I have received your kind Letter of Feb: 23. by the Messrs: Humphreys, and shall have the pleasure this Day of receiving those young Gentlemen at Dinner as I hope. They may succeed very well in this Country I doubt not.
Your Sons I shall be very glad to see and although it would give me great personal pleasure to see you in America, yet I cannot but think your removal would be a great loss to the philosophical and litterary world.

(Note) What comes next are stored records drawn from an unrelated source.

(* Let $n\in\mathbb N$, $\delta>0$, and let $d$ be a metric on $\mathbb R^n$ induced by a norm. Let $\{\mathcal D^n(\delta);\tilde w_1,\dots,\tilde w_N;p_1,\dots,p_N\}$ be a DIFS in which each $\tilde w_i$ is the $\delta$-roundoff of a contraction $w_i:\mathbb R^n\to\mathbb R^n$ on $(\mathbb R^n,d)$ with contractivity factor $\lambda_i\in[0,1)$ and fixed point $x_f^{(i)}$. Let $o\in\mathbb R^n$ be arbitrary, and put $r_{max}:=\max_i d(x_f^{(i)},o)$, $\lambda_{max}:=\max_i\lambda_i$, $\alpha:=\frac{1+\lambda_{max}}{1-\lambda_{max}}$ and $r:=\alpha r_{max}+\theta(1-\lambda_{max})^{-1}$. Then for every $\varepsilon>0$, the set $S=B(o,r+\varepsilon)\cap\mathcal D^n(\delta)$, where $B(o,\rho)$ is the open ball in $(\mathbb R^n,d)$ of center $o$ and radius $\rho$, satisfies $\tilde w_i(S)\subset S$ for every $i\in\{1,\dots,N\}$. Moreover, the set $\mathcal A$ of all recurrent states of the Markov chain associated with the DIFS is nonempty and $\mathcal A\subset S$.
   Context: For $m=(m_1,\dots,m_n)\in\mathbb Z^n$ the $\delta$-cube is $C_\delta(m)=\prod_{j=1}^n[(m_j-\tfrac12)\delta,(m_j+\tfrac12)\delta)$; these cubes partition $\mathbb R^n$. The $\delta$-discretization is $\mathcal D^n(\delta)=\{\delta m:m\in\mathbb Z^n\}\subset\mathbb R^n$. The $\delta$-roundoff of $x\in\mathbb R^n$ is $\tilde x=\delta m$ where $x\in C_\delta(m)$; the $\delta$-roundoff of a map $w:\mathbb R^n\to\mathbb R^n$ is $\tilde w:\mathcal D^n(\delta)\to\mathcal D^n(\delta)$, $\tilde w(\tilde x)=\widetilde{w(\tilde x)}$. $\theta:=\tfrac12\operatorname{diam}_d(C_\delta(0))$. A DIFS (discrete IFS with place-dependent probabilities) $\{S;\tilde w_1,\dots,\tilde w_N;p_1,\dots,p_N\}$ consists of $S\subset\mathcal D^n(\delta)$, maps $\tilde w_i:S\to S$ and functions $p_i:S\to(0,1]$ with $\sum_i p_i(\tilde x)=1$ for all $\tilde x\in S$. Its associated Markov chain on $S$ has transition probabilities $P(\tilde x,\tilde y)=\sum_{i=1}^N p_i(\tilde x)\mathbf 1_{\{\tilde y\}}(\tilde w_i(\tilde x))$. A state $\tilde x$ is recurrent if the chain started at $\tilde x$ returns to $\tilde x$ in finitely many steps with probability $1$. *)

theory Defs
  imports "HOL-Analysis.Analysis"
begin

text \<open>A norm on R^n (the metric d is d x y = nrm (x - y)).\<close>
definition is_norm :: "(real^'n \<Rightarrow> real) \<Rightarrow> bool" where
  "is_norm nrm \<longleftrightarrow> (\<forall>x. 0 \<le> nrm x) \<and> (\<forall>x. nrm x = 0 \<longleftrightarrow> x = 0)
     \<and> (\<forall>a x. nrm (a *\<^sub>R x) = \<bar>a\<bar> * nrm x) \<and> (\<forall>x y. nrm (x + y) \<le> nrm x + nrm y)"

definition grid_pt :: "real \<Rightarrow> int^'n \<Rightarrow> real^'n" where
  "grid_pt \<delta> m = (\<chi> j. \<delta> * of_int (m $ j))"

definition cube :: "real \<Rightarrow> int^'n \<Rightarrow> (real^'n) set" where
  "cube \<delta> m = {x. \<forall>j. (of_int (m $ j) - 1/2) * \<delta> \<le> x $ j \<and> x $ j < (of_int (m $ j) + 1/2) * \<delta>}"

definition discretization :: "real \<Rightarrow> (real^'n) set" where
  "discretization \<delta> = range (grid_pt \<delta>)"

definition roundoff :: "real \<Rightarrow> real^'n \<Rightarrow> real^'n" where
  "roundoff \<delta> x = (THE y. \<exists>m. y = grid_pt \<delta> m \<and> x \<in> cube \<delta> m)"

definition diam_d :: "(real^'n \<Rightarrow> real) \<Rightarrow> (real^'n) set \<Rightarrow> real" where
  "diam_d nrm A = (SUP x\<in>A. SUP y\<in>A. nrm (x - y))"

definition theta :: "(real^'n \<Rightarrow> real) \<Rightarrow> real \<Rightarrow> real" where
  "theta nrm \<delta> = diam_d nrm (cube \<delta> 0) / 2"

definition is_DIFS :: "'a set \<Rightarrow> (nat \<Rightarrow> 'a \<Rightarrow> 'a) \<Rightarrow> (nat \<Rightarrow> 'a \<Rightarrow> real) \<Rightarrow> nat \<Rightarrow> bool" where
  "is_DIFS S W p N \<longleftrightarrow> (\<forall>i\<in>{1..N}. \<forall>x\<in>S. W i x \<in> S)
     \<and> (\<forall>i\<in>{1..N}. \<forall>x\<in>S. 0 < p i x \<and> p i x \<le> 1)
     \<and> (\<forall>x\<in>S. (\<Sum>i=1..N. p i x) = 1)"

text \<open>hit_within N W p k y z: probability that the associated Markov chain started at z
  visits y at some time in 1..k (transition P(x,y) = sum_i p_i(x) [W_i x = y]).\<close>
fun hit_within :: "nat \<Rightarrow> (nat \<Rightarrow> 'a \<Rightarrow> 'a) \<Rightarrow> (nat \<Rightarrow> 'a \<Rightarrow> real) \<Rightarrow> nat \<Rightarrow> 'a \<Rightarrow> 'a \<Rightarrow> real" where
  "hit_within N W p 0 y z = 0"
| "hit_within N W p (Suc k) y z =
     (\<Sum>i=1..N. p i z * (if W i z = y then 1 else hit_within N W p k y (W i z)))"

text \<open>x is recurrent: the probability of returning to x in finitely many steps
  (the increasing limit of the probability of returning within k steps) is 1.\<close>
definition recurrent :: "nat \<Rightarrow> (nat \<Rightarrow> 'a \<Rightarrow> 'a) \<Rightarrow> (nat \<Rightarrow> 'a \<Rightarrow> real) \<Rightarrow> 'a \<Rightarrow> bool" where
  "recurrent N W p x \<longleftrightarrow> (SUP k. hit_within N W p k x x) = 1"

end

theory Submission
  imports Defs
begin

text \<open>Rounding moves a point by at most \<open>\<theta>\<close>, so a rounded map \<open>W\<^sub>i\<close> with contraction factor
  \<open>\<lambda>\<^sub>i\<close> and fixed point \<open>x\<^sub>i\<close> satisfies
  \<open>d(W\<^sub>i z, o) \<le> \<theta> + \<lambda>\<^sub>i d(z, o) + (1 + \<lambda>\<^sub>i) d(x\<^sub>i, o)\<close>, and \<open>r\<close> is exactly the radius
  beyond which this bound is smaller than any \<open>R \<ge> d(z, o)\<close>. Hence every ball \<open>B(o, R)\<close> with
  \<open>R > r\<close> is mapped into itself, and a state \<open>x\<close> with \<open>d(x, o) > r\<close> is never revisited, since
  the chain leaving it is trapped in the smaller ball \<open>B(o, d(x, o))\<close>.
  A ball contains only finitely many grid points, and a Markov chain on a finite closed set has a
  recurrent state: a state \<open>x\<close> with a minimal set of successors is reachable from each of them,
  so the probability of avoiding \<open>x\<close> decays geometrically.\<close>

section \<open>Norms on \<open>real^'n\<close>\<close>

lemma is_norm_nonneg: "is_norm nrm \<Longrightarrow> 0 \<le> nrm x"
  and is_norm_zero: "is_norm nrm \<Longrightarrow> nrm 0 = 0"
  and is_norm_scaleR: "is_norm nrm \<Longrightarrow> nrm (a *\<^sub>R x) = \<bar>a\<bar> * nrm x"
  and is_norm_triangle: "is_norm nrm \<Longrightarrow> nrm (x + y) \<le> nrm x + nrm y"
  by (simp_all add: is_norm_def)

lemma is_norm_minus_commute: "is_norm nrm \<Longrightarrow> nrm (x - y) = nrm (y - x)"
  using is_norm_scaleR[of nrm "-1" "y - x"] by simp

lemma is_norm_triangle_diff: "is_norm nrm \<Longrightarrow> nrm (x - z) \<le> nrm (x - y) + nrm (y - z)"
  using is_norm_triangle[of nrm "x - y" "y - z"] by simp

lemma is_norm_sum:
  assumes "is_norm nrm"
  shows "nrm (sum f A) \<le> (\<Sum>i\<in>A. nrm (f i))"
proof (induction A rule: infinite_finite_induct)
  case (insert a A)
  then show ?case using is_norm_triangle[OF assms, of "f a" "sum f A"] by simp
qed (simp_all add: is_norm_zero[OF assms])

lemma is_norm_le_sum_components:
  assumes "is_norm nrm"
  shows "nrm x \<le> (\<Sum>j\<in>UNIV. \<bar>x $ j\<bar> * nrm (axis j 1))"
proof -
  have "nrm x = nrm (\<Sum>j\<in>UNIV. (x $ j) *\<^sub>R axis j (1::real))"
    using basis_expansion[of x] by (simp add: scalar_mult_eq_scaleR)
  also have "\<dots> \<le> (\<Sum>j\<in>UNIV. nrm ((x $ j) *\<^sub>R axis j 1))"
    by (rule is_norm_sum[OF assms])
  also have "\<dots> = (\<Sum>j\<in>UNIV. \<bar>x $ j\<bar> * nrm (axis j 1))"
    by (simp add: is_norm_scaleR[OF assms])
  finally show ?thesis .
qed

lemma is_norm_le_norm:
  assumes "is_norm nrm"
  shows "nrm x \<le> (\<Sum>j\<in>UNIV. nrm (axis j 1)) * norm x"
proof -
  have "nrm x \<le> (\<Sum>j\<in>UNIV. \<bar>x $ j\<bar> * nrm (axis j 1))"
    by (rule is_norm_le_sum_components[OF assms])
  also have "\<dots> \<le> (\<Sum>j\<in>UNIV. norm x * nrm (axis j 1))"
    by (intro sum_mono mult_right_mono component_le_norm_cart is_norm_nonneg[OF assms])
  also have "\<dots> = (\<Sum>j\<in>UNIV. nrm (axis j 1)) * norm x"
    by (simp add: sum_distrib_left mult.commute)
  finally show ?thesis .
qed

lemma is_norm_lipschitz:
  assumes "is_norm nrm"
  shows "(\<Sum>j\<in>UNIV. nrm (axis j 1))-lipschitz_on A nrm"
proof (rule lipschitz_onI)
  fix x y
  have "\<bar>nrm x - nrm y\<bar> \<le> nrm (x - y)"
    using is_norm_triangle_diff[OF assms, of x 0 y] is_norm_triangle_diff[OF assms, of y 0 x]
      is_norm_minus_commute[OF assms, of x y] by simp
  also have "\<dots> \<le> (\<Sum>j\<in>UNIV. nrm (axis j 1)) * norm (x - y)"
    by (rule is_norm_le_norm[OF assms])
  finally show "dist (nrm x) (nrm y) \<le> (\<Sum>j\<in>UNIV. nrm (axis j 1)) * dist x y"
    by (simp add: dist_real_def dist_norm)
qed (simp add: sum_nonneg is_norm_nonneg[OF assms])

text \<open>The converse comparison comes from compactness: \<open>nrm\<close> attains a positive
  minimum on the Euclidean unit sphere.\<close>
lemma is_norm_ge_norm:
  fixes nrm :: "real^'n \<Rightarrow> real"
  assumes "is_norm nrm"
  obtains m where "0 < m" "\<And>x. m * norm x \<le> nrm x"
proof -
  have "sphere (0::real^'n) 1 \<noteq> {}"
    using norm_axis_1[of undefined] by (metis mem_sphere_0 empty_iff)
  then obtain s where s: "s \<in> sphere 0 1" "\<And>u. u \<in> sphere 0 1 \<Longrightarrow> nrm s \<le> nrm u"
    using continuous_attains_inf[OF compact_sphere _
        lipschitz_on_continuous_on[OF is_norm_lipschitz[OF assms]]] by blast
  have "nrm s \<noteq> 0"
    using s(1) assms unfolding is_norm_def by fastforce
  then have "0 < nrm s"
    using is_norm_nonneg[OF assms, of s] by linarith
  moreover have "nrm s * norm x \<le> nrm x" for x
  proof (cases "x = 0")
    case False
    then have "nrm s \<le> nrm ((1 / norm x) *\<^sub>R x)" by (intro s(2)) simp
    then show ?thesis using False by (simp add: is_norm_scaleR[OF assms] field_simps)
  qed (simp add: is_norm_zero[OF assms])
  ultimately show ?thesis using that by blast
qed

lemma bounded_is_norm_ball:
  assumes "is_norm nrm"
  shows "bounded {y. nrm (y - c) < \<rho>}"
proof -
  obtain m where m: "0 < m" "\<And>x. m * norm x \<le> nrm x" using is_norm_ge_norm[OF assms] by blast
  have "{y. nrm (y - c) < \<rho>} \<subseteq> cball c (\<rho> / m)"
  proof
    fix y assume "y \<in> {y. nrm (y - c) < \<rho>}"
    then have "m * norm (y - c) \<le> \<rho>" using m(2)[of "y - c"] by simp
    then show "y \<in> cball c (\<rho> / m)" using m(1) by (simp add: dist_norm norm_minus_commute field_simps)
  qed
  then show ?thesis using bounded_cball bounded_subset by blast
qed

section \<open>Rounding to the grid\<close>

definition nearest_index :: "real \<Rightarrow> real^'n \<Rightarrow> int^'n" where
  "nearest_index \<delta> x = (\<chi> j. \<lfloor>x $ j / \<delta> + 1/2\<rfloor>)"

lemma mem_cube_iff:
  assumes "\<delta> > 0"
  shows "x \<in> cube \<delta> m \<longleftrightarrow> m = nearest_index \<delta> x"
proof -
  have "(of_int (m $ j) - 1/2) * \<delta> \<le> x $ j \<and> x $ j < (of_int (m $ j) + 1/2) * \<delta>
        \<longleftrightarrow> of_int (m $ j) \<le> x $ j / \<delta> + 1/2 \<and> x $ j / \<delta> + 1/2 < of_int (m $ j) + 1" for j
    using assms by (auto simp: field_simps)
  also have "\<dots> j \<longleftrightarrow> m $ j = \<lfloor>x $ j / \<delta> + 1/2\<rfloor>" for j
    by linarith
  finally show ?thesis
    unfolding cube_def nearest_index_def by (auto simp: vec_eq_iff)
qed

lemma roundoff_eq_grid_pt:
  assumes "\<delta> > 0"
  shows "roundoff \<delta> x = grid_pt \<delta> (nearest_index \<delta> x)"
  unfolding roundoff_def using mem_cube_iff[OF assms] by (intro the_equality) auto

lemma roundoff_in_discretization: "\<delta> > 0 \<Longrightarrow> roundoff \<delta> x \<in> discretization \<delta>"
  by (simp add: roundoff_eq_grid_pt discretization_def)

lemma mem_cube_zero_iff: "v \<in> cube \<delta> 0 \<longleftrightarrow> (\<forall>j. - (\<delta> / 2) \<le> v $ j \<and> v $ j < \<delta> / 2)"
  by (simp add: cube_def)

lemma diff_roundoff_in_cube_zero:
  assumes "\<delta> > 0"
  shows "x - roundoff \<delta> x \<in> cube \<delta> 0"
proof -
  let ?m = "nearest_index \<delta> x"
  have "- (\<delta> / 2) \<le> x $ j - \<delta> * of_int (?m $ j) \<and> x $ j - \<delta> * of_int (?m $ j) < \<delta> / 2" for j
  proof -
    have "(of_int (?m $ j) - 1/2) * \<delta> \<le> x $ j \<and> x $ j < (of_int (?m $ j) + 1/2) * \<delta>"
      using mem_cube_iff[OF assms, of x ?m] unfolding cube_def by blast
    then show ?thesis by (simp add: algebra_simps)
  qed
  then show ?thesis
    unfolding roundoff_eq_grid_pt[OF assms] mem_cube_zero_iff by (simp add: grid_pt_def)
qed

I regret very much the inconveniences the Dissenters experience and am not very well able to account for the violent attachment in the People of England to the Establishment of the Church. yet I neither wonder nor censure their attachment to the monarchical part of their Constitution: because I am convinced by a chain of Facts, authorities and reasonings that appear to me equivalent to a mathematical Demonstration, that both their Liberties and Prosperity would be totally destroyed by the Destruction of it, and I had rather see the whole body of Dissenters in the three kingdoms driven over to America, where they would be kindly received and infinitely happier than they ever can be in England than that the sublime and beautiful fabrick of the English Constitution in three Branches should be lost out of Europe to whose Liberties it is essential.
I am, Dear Sir, affectionately your’s.
LbC in JQA’s hand (Adams Papers); internal address: “Revd. Priestley.”; APM Reel 116.